The Canadian dollar was soft today, falling or staying flat against its most-traded peers. Even the strong rally of crude oil prices was unable to aid the currency. One of the possible reasons for the loonie’s weakness was disappointing domestic inflation data.
Statistics Canada reported that the Consumer Price Index fell 0.1% in August, without adjustments for seasonal factors, instead of rising at the same rate as analysts had predicted. With seasonal adjustments, the CPI rose 0.1%. Year-on-year, the index was up 0.1% too, matching July’s growth.
Canada’s net foreign securities purchases dropped by C$8.5 billion in July. That was a shock to economists who were expecting a positive figure in the neighborhood of $10.5 billion.
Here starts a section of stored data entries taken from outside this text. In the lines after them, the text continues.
(* Let $\mathbf{Q}=(Q,Z,\cdot)$ be a finite automaton, $q\in Q$, $u\in Z^*$, and $\mathcal{C}$ a Conway category. If the identity $\Gamma(\mathbf{Q},q)$ holds in $\mathcal{C}$, then so does $\Gamma(\mathbf{Q},qu)$. Consequently, if $(\mathbf{Q},q)$ is initially connected, then $\Gamma(\mathbf{Q})$ holds in $\mathcal{C}$ if and only if $\Gamma(\mathbf{Q},q)$ holds in $\mathcal{C}$.
   Context: Cartesian categories have chosen finite products (terminal object $T$, projections $\pi_i$, tupling $\langle\cdot\rangle$, $!_A:A\to T$, $f\times g$), strictly associative; composition is written $g\circ f$; $\Delta_{A^n}=\langle 1_A,\ldots,1_A\rangle:A\to A^n$. A dagger operation maps $f:A\times C\to A$ to $f^\dagger:C\to A$. A Conway category is a cartesian category with dagger satisfying: $(f\circ(1_A\times g))^\dagger=f^\dagger\circ g$ ($f:A\times B\to A$, $g:C\to B$); $f^{\dagger\dagger}=(f\circ(\Delta_{A^2}\times 1_C))^\dagger$ ($f:A\times A\times C\to A$); $(f\circ\langle g,\pi_2^{A\times C}\rangle)^\dagger=f\circ\langle (g\circ\langle f,\pi_2^{B\times C}\rangle)^\dagger,1_C\rangle$ ($f:B\times C\to A$, $g:A\times C\to B$). A finite automaton $\mathbf{Q}=(Q,Z,\cdot)$ has finite nonempty state set $Q$, finite nonempty input alphabet $Z$ and action $Q\times Z\to Q$, extended to words $u\in Z^*$, written $qu$. Write $Q=\{q_1,\ldots,q_n\}$, identified with $\{1,\ldots,n\}$, and $Z=\{a_1,\ldots,a_m\}$. For an object $A$ and $i\in[n]$ let $\rho_i^{\mathbf{Q},A}=\langle\pi^{A^n}_{ia_1},\ldots,\pi^{A^n}_{ia_m}\rangle:A^n\to A^m$ ($ia_j$ is the index of $q_i\cdot a_j$). For $f:A^m\times C\to A$ let $f^{\mathbf{Q},A}:A^n\times C\to A^n$ have components $\pi_i^{A^n}\circ f^{\mathbf{Q},A}=f\circ(\rho_i^{\mathbf{Q},A}\times 1_C)$. The identity $\Gamma(\mathbf{Q})$ holds in $\mathcal{C}$ if $(f^{\mathbf{Q},A})^\dagger=\Delta_{A^n}\circ(f\circ(\Delta_{A^m}\times 1_C))^\dagger$ for all objects $A,C$ and all $f:A^m\times C\to A$; for a state $q_i$, $\Gamma(\mathbf{Q},q_i)$ holds if $\pi_i^{A^n}\circ(f^{\mathbf{Q},A})^\dagger=(f\circ(\Delta_{A^m}\times 1_C))^\dagger$ for all such $A,C,f$. $(\mathbf{Q},q)$ is initially connected if every state of $\mathbf{Q}$ equals $qu$ for some word $u\in Z^*$. *)

theory Defs
  imports Main
begin

text \<open>Objects are the elements of type 'o, arrows the elements of
type 'm; every arrow f has a domain dm f and codomain cd f.
cmp X g f is the composite g o f (meaningful when cd f = dm g).
prd X A B is the chosen product A x B with projections pr1 X A B, pr2 X A B;
pair X f g is the tupling of f and g.  dag X A C f is the dagger of
f : A x C -> A.\<close>

record ('o, 'm) cstruct =
  dm   :: "'m \<Rightarrow> 'o"
  cd   :: "'m \<Rightarrow> 'o"
  cmp  :: "'m \<Rightarrow> 'm \<Rightarrow> 'm"
  idm  :: "'o \<Rightarrow> 'm"
  trm  :: "'o"
  bang :: "'o \<Rightarrow> 'm"
  prd  :: "'o \<Rightarrow> 'o \<Rightarrow> 'o"
  pr1  :: "'o \<Rightarrow> 'o \<Rightarrow> 'm"
  pr2  :: "'o \<Rightarrow> 'o \<Rightarrow> 'm"
  pair :: "'m \<Rightarrow> 'm \<Rightarrow> 'm"
  dag  :: "'o \<Rightarrow> 'o \<Rightarrow> 'm \<Rightarrow> 'm"

definition hom :: "('o, 'm) cstruct \<Rightarrow> 'o \<Rightarrow> 'o \<Rightarrow> 'm set" where
  "hom X A B = {f. dm X f = A \<and> cd X f = B}"
lemma continuous_at_right_add_floor_step:
  fixes g :: "real \<Rightarrow> real" and c :: "int \<Rightarrow> real"
  assumes "0 < p" and "isCont g t"
  shows "continuous (at_right t) (\<lambda>s. g s + c \<lfloor>s / p\<rfloor>)"
proof -
  have "((\<lambda>s. g s + c \<lfloor>t / p\<rfloor>) \<longlongrightarrow> g t + c \<lfloor>t / p\<rfloor>) (at_right t)"
    using assms(2) by (intro tendsto_intros) (simp add: isCont_def filterlim_at_split)
  moreover have "\<forall>\<^sub>F s in at_right t. g s + c \<lfloor>t / p\<rfloor> = g s + c \<lfloor>s / p\<rfloor>"
    using eventually_floor_divide_at_right[OF assms(1)] by (rule eventually_mono) simp
  ultimately show ?thesis
    unfolding continuous_within by (simp add: tendsto_cong)
qed

lemma tendsto_at_left_add_floor_step:
  fixes g :: "real \<Rightarrow> real" and c :: "int \<Rightarrow> real"
  assumes "0 < p" and "isCont g (of_int n * p)"
  shows "((\<lambda>s. g s + c \<lfloor>s / p\<rfloor>) \<longlongrightarrow> g (of_int n * p) + c (n - 1)) (at_left (of_int n * p))"
proof -
  have "((\<lambda>s. g s + c (n - 1)) \<longlongrightarrow> g (of_int n * p) + c (n - 1)) (at_left (of_int n * p))"
    using assms(2) by (intro tendsto_intros) (simp add: isCont_def filterlim_at_split)
  moreover have "\<forall>\<^sub>F s in at_left (of_int n * p). g s + c (n - 1) = g s + c \<lfloor>s / p\<rfloor>"
    using eventually_floor_divide_at_left[OF assms(1)] by (rule eventually_mono) simp
  ultimately show ?thesis
    by (simp add: tendsto_cong)
qed
(* Let $s_1\ge 1$ and $s_2\ge 0$ be integers. The maximum value over integers $N$ of $\sum_i\binom{s_1}{i}\binom{s_2}{N}\binom{s_1}{N-i}\binom{N}{i}$ occurs when $$N=\left\lfloor 2s_1+s_2+\tfrac32-\sqrt{4s_1^2+4s_1+(s_2+\tfrac12)^2}\right\rfloor+\delta$$ with $\delta\in\{0,1\}$. Consequently, in the probabilistic model described below with $s_3=s_1$, the most likely value of $|A\cup B\cup C|$ is $$\left\lceil \sqrt{4s_1^2+4s_1+(s_2+\tfrac12)^2}-\tfrac32\right\rceil-\delta.$$
   Context: Binomial coefficients $\binom{a}{b}$ are $0$ when $b<0$ or $b>a$. Probabilistic model: let $\widehat A,\widehat B,\widehat C$ be disjoint sets with $|\widehat A|=s_1$, $|\widehat B|=s_2$, $|\widehat C|=s_3$. The sample space consists of all 4-tuples $(A_1,B_1,B_2,C_2)$ with $A_1\subseteq\widehat A$, $B_1,B_2\subseteq\widehat B$, $C_2\subseteq\widehat C$, $|A_1|=|B_1|$, $|B_2|=|C_2|$ and $B_1\cap B_2=\emptyset$, each 4-tuple being equally likely. For such an outcome one sets $|A\cup B\cup C|=s_1+s_2+s_3-|B_1|-|B_2|$ (modeling sets $A,C$ with $A\cap C=\emptyset$, $|A|=s_1$, $|B|=s_2$, $|C|=s_3$). The "most likely value" is the value $v$ maximizing the probability that $|A\cup B\cup C|=v$. *)

theory Defs
  imports Complex_Main
begin

text \<open>The summation in the corollary, as a function of an integer N
  (all binomials vanish for N < 0; for i outside 0..N the factor (N choose i) is 0).\<close>
definition cor_sum :: "nat \<Rightarrow> nat \<Rightarrow> int \<Rightarrow> nat" where
  "cor_sum s1 s2 N = (if N < 0 then 0 else
     (\<Sum>i\<le>nat N. (s1 choose i) * (s2 choose nat N) * (s1 choose (nat N - i)) * (nat N choose i)))"

definition sample_space :: "'a set \<Rightarrow> 'a set \<Rightarrow> 'a set \<Rightarrow> ('a set \<times> 'a set \<times> 'a set \<times> 'a set) set" where
  "sample_space Ah Bh Ch = {(A1, B1, B2, C2). A1 \<subseteq> Ah \<and> B1 \<subseteq> Bh \<and> B2 \<subseteq> Bh \<and> C2 \<subseteq> Ch
      \<and> card A1 = card B1 \<and> card B2 = card C2 \<and> B1 \<inter> B2 = {}}"

definition union_size :: "'a set \<Rightarrow> 'a set \<Rightarrow> 'a set \<Rightarrow> ('a set \<times> 'a set \<times> 'a set \<times> 'a set) \<Rightarrow> int" where
  "union_size Ah Bh Ch \<omega> = (case \<omega> of (A1, B1, B2, C2) \<Rightarrow>
      int (card Ah) + int (card Bh) + int (card Ch) - int (card B1) - int (card B2))"

definition prob_union :: "'a set \<Rightarrow> 'a set \<Rightarrow> 'a set \<Rightarrow> int \<Rightarrow> real" where
  "prob_union Ah Bh Ch v =
     real (card {\<omega> \<in> sample_space Ah Bh Ch. union_size Ah Bh Ch \<omega> = v})
     / real (card (sample_space Ah Bh Ch))"

end

theory Submission
  imports Defs
begin

text \<open>Write \<open>c\<^sub>k = (s choose k) / k!\<close> and let \<open>h(N) = \<Sum>\<^sub>k c\<^sub>k c\<^sub>N\<^sub>-\<^sub>k\<close>;
  then the sum equals \<open>(s\<^sub>2 choose N) N! h(N)\<close> with \<open>s = s\<^sub>1\<close>. Creative
  telescoping gives a three-term recurrence for \<open>h\<close>, and from it the ratio
  \<open>h(N+1)/h(N)\<close> is trapped between \<open>2(2s-N)/(N\<^sup>2+N+2s)\<close> and \<open>2(2s-N)/(N+1)\<^sup>2\<close>:
  both bounds hold at \<open>N = 0\<close> and at \<open>N = 2s-1\<close>, and the recurrence carries them upward
  while a certain quadratic in \<open>N\<close> is non-positive and downward once it is non-negative,
  which it stays after it first turns positive. So the ratio \<open>(s\<^sub>2-N) h(N+1)/h(N)\<close> of
  consecutive terms is at least 1 while \<open>N+1 \<le> r\<close> and at most 1 once \<open>N \<ge> r\<close>, where
  \<open>r = 2s\<^sub>1+s\<^sub>2+3/2-\<surd>(4s\<^sub>1\<^sup>2+4s\<^sub>1+(s\<^sub>2+1/2)\<^sup>2)\<close>; the sum is unimodal with its maximum at
  \<open>\<lfloor>r\<rfloor>\<close> or \<open>\<lfloor>r\<rfloor>+1\<close>. In the probabilistic model with \<open>s\<^sub>3 = s\<^sub>1\<close> the outcomes with
  \<open>|A \<union> B \<union> C| = 2s\<^sub>1+s\<^sub>2-N\<close> are counted by the same sum, which turns the maximiser
  \<open>N\<close> into the most likely value \<open>2s\<^sub>1+s\<^sub>2-N\<close>.\<close>

definition choose_div_fact :: "nat \<Rightarrow> nat \<Rightarrow> real" where
  "choose_div_fact s k = real (s choose k) / fact k"

lemma Suc_times_binomial_diff: "Suc k * (n choose Suc k) = (n - k) * (n choose k)"
  using binomial_absorption[of k n] binomial_absorb_comp[of n k] by simp

lemma choose_div_fact_0 [simp]: "choose_div_fact s 0 = 1"
  by (simp add: choose_div_fact_def)

lemma choose_div_fact_Suc_0 [simp]: "choose_div_fact s (Suc 0) = real s"
  by (simp add: choose_div_fact_def)

lemma choose_div_fact_eq_0: "s < k \<Longrightarrow> choose_div_fact s k = 0"
  by (simp add: choose_div_fact_def)

lemma choose_div_fact_nonneg: "choose_div_fact s k \<ge> 0"
  by (simp add: choose_div_fact_def)

lemma choose_div_fact_Suc:
  "choose_div_fact s (Suc k) = (real s - real k) * choose_div_fact s k / (real k + 1)^2"
proof (cases "k \<le> s")
  case True
  have absorb: "(real k + 1) * real (s choose Suc k) = (real s - real k) * real (s choose k)"
    using Suc_times_binomial_diff[of k s] True by (metis of_nat_Suc add.commute of_nat_diff of_nat_mult)
  have "choose_div_fact s (Suc k) = (real k + 1) * real (s choose Suc k) / ((real k + 1)^2 * fact k)"
    unfolding choose_div_fact_def fact_Suc by (simp add: power2_eq_square add.commute)
  also have "\<dots> = (real s - real k) * choose_div_fact s k / (real k + 1)^2"
    unfolding absorb choose_div_fact_def by simp
  finally show ?thesis .
qed (simp add: choose_div_fact_def binomial_eq_0)

text \<open>The coefficient of \<open>x\<^sup>n\<close> in \<open>(\<Sum>\<^sub>k (s choose k) x\<^sup>k / k!)\<^sup>2\<close>.\<close>
definition square_coeff :: "nat \<Rightarrow> nat \<Rightarrow> real" where
  "square_coeff s n = (\<Sum>k\<le>n. choose_div_fact s k * choose_div_fact s (n - k))"

lemma square_coeff_nonneg: "square_coeff s n \<ge> 0"
  unfolding square_coeff_def by (intro sum_nonneg mult_nonneg_nonneg choose_div_fact_nonneg)

lemma square_coeff_eq_0: "2 * s < n \<Longrightarrow> square_coeff s n = 0"
  unfolding square_coeff_def by (intro sum.neutral) (auto intro!: choose_div_fact_eq_0)

text \<open>A creative-telescoping certificate: the summands of the recurrence for
  \<open>square_coeff\<close> below are its forward differences.\<close>
definition recurrence_certificate :: "nat \<Rightarrow> nat \<Rightarrow> nat \<Rightarrow> real" where
  "recurrence_certificate s M k =
     (real k)^2 * choose_div_fact s k * choose_div_fact s (M + 1 - k)
     * ((2*real s - real M) * real k - (real M + 2)*(3*real s + 1 - real M)) / (real (M + 2 - k))^2"

lemma recurrence_certificate_Suc:
  assumes "k \<le> M"
  shows "recurrence_certificate s M (Suc k) - recurrence_certificate s M k =
    (real M + 2)^3 * (choose_div_fact s k * choose_div_fact s (M + 2 - k))
    - (2*real s + (4*real s - 1)*(real M + 1) - 3*(real M + 1)^2) * (choose_div_fact s k * choose_div_fact s (M + 1 - k))
    - 2*(2*real s - real M) * (choose_div_fact s k * choose_div_fact s (M - k))"
proof -
  let ?c = "choose_div_fact s" and ?G = "recurrence_certificate s M"
  define S where "S = real s"
  obtain j where M: "M = k + j" using le_Suc_ex[OF assms] by blast
  have Mj: "real M = real k + real j" using M by simp
  have idx: "M + 1 - Suc k = j" "M + 2 - Suc k = Suc j" "M + 1 - k = Suc j"
    "M + 2 - k = Suc (Suc j)" "M - k = j"
    using M by auto
  have c1: "?c (Suc j) = (S - real j) * ?c j / (real j + 1)^2"
    unfolding choose_div_fact_Suc S_def ..
  have c2: "?c (Suc (Suc j)) = (S - real j - 1) * ((S - real j) * ?c j / (real j + 1)^2) / (real j + 2)^2"
    unfolding choose_div_fact_Suc[of s "Suc j"] c1 by (simp add: add.commute diff_diff_eq S_def)
  have "(real (Suc k))^2 * ?c (Suc k) = (S - real k) * ?c k"
    unfolding choose_div_fact_Suc S_def by (simp add: add.commute)
  then have G1: "?G (Suc k) = (S - real k) * ?c k * ?c j
      * ((2*S - (real k + real j)) * (real k + 1) - (real k + real j + 2)*(3*S + 1 - (real k + real j))) / (real j + 1)^2"
    unfolding recurrence_certificate_def idx S_def Mj by (simp add: add.commute)
  have G0: "?G k = (real k)^2 * ?c k * ((S - real j) * ?c j / (real j + 1)^2)
      * ((2*S - (real k + real j)) * real k - (real k + real j + 2)*(3*S + 1 - (real k + real j))) / (real j + 2)^2"
    unfolding recurrence_certificate_def idx c1 S_def Mj by (simp add: add.commute)
  have "(S - k) * X * Y * ((2*S - (k+j)) * (k + 1) - (k+j+2)*(3*S+1-(k+j))) / (j + 1)^2
     - k^2 * X * ((S - j) * Y / (j + 1)^2) * ((2*S - (k+j)) * k - (k+j+2)*(3*S+1-(k+j))) / (j + 2)^2
   = (k+j+2)^3 * (X * ((S - j - 1) * ((S - j) * Y / (j + 1)^2) / (j + 2)^2))
     - (2*S + (4*S - 1)*(k+j+1) - 3*(k+j+1)^2) * (X * ((S - j) * Y / (j + 1)^2)) - 2*(2*S - (k+j)) * (X * Y)"
    if "k \<ge> 0" "j \<ge> 0" for k j X Y :: real
    using that by (simp add: divide_simps) algebra
  from this[of "real k" "real j" "?c k" "?c j"] show ?thesis
    unfolding G1 G0 idx c1 c2 Mj S_def by (simp add: add.assoc)
qed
Futures for both American and international grades of crude oil jumped more than 4% on Wednesday. The combination of an unexpected decline of US crude oil inventories and lower supply from the Gulf of Mexico due to a hurricane helped the commodity to log substantial gains. Usually, the Canadian currency moves in lockstep with oil as the commodity is the major source of export revenue of Canada. But today, the loonie and crude were moving in opposite directions.
Tomorrow, Automatic Data Processing will release its employment data for Canada. It is an important report that can help understand how robust the recovery of the Canadian economy from the coronavirus pandemic.
USD/CAD was at about 1.3174 as of 21:14 GMT today after opening at 1.3185. CAD/JPY dropped from 79.95 to 79.60, GBP/CAD rallied from 1.6993 to 1.7087.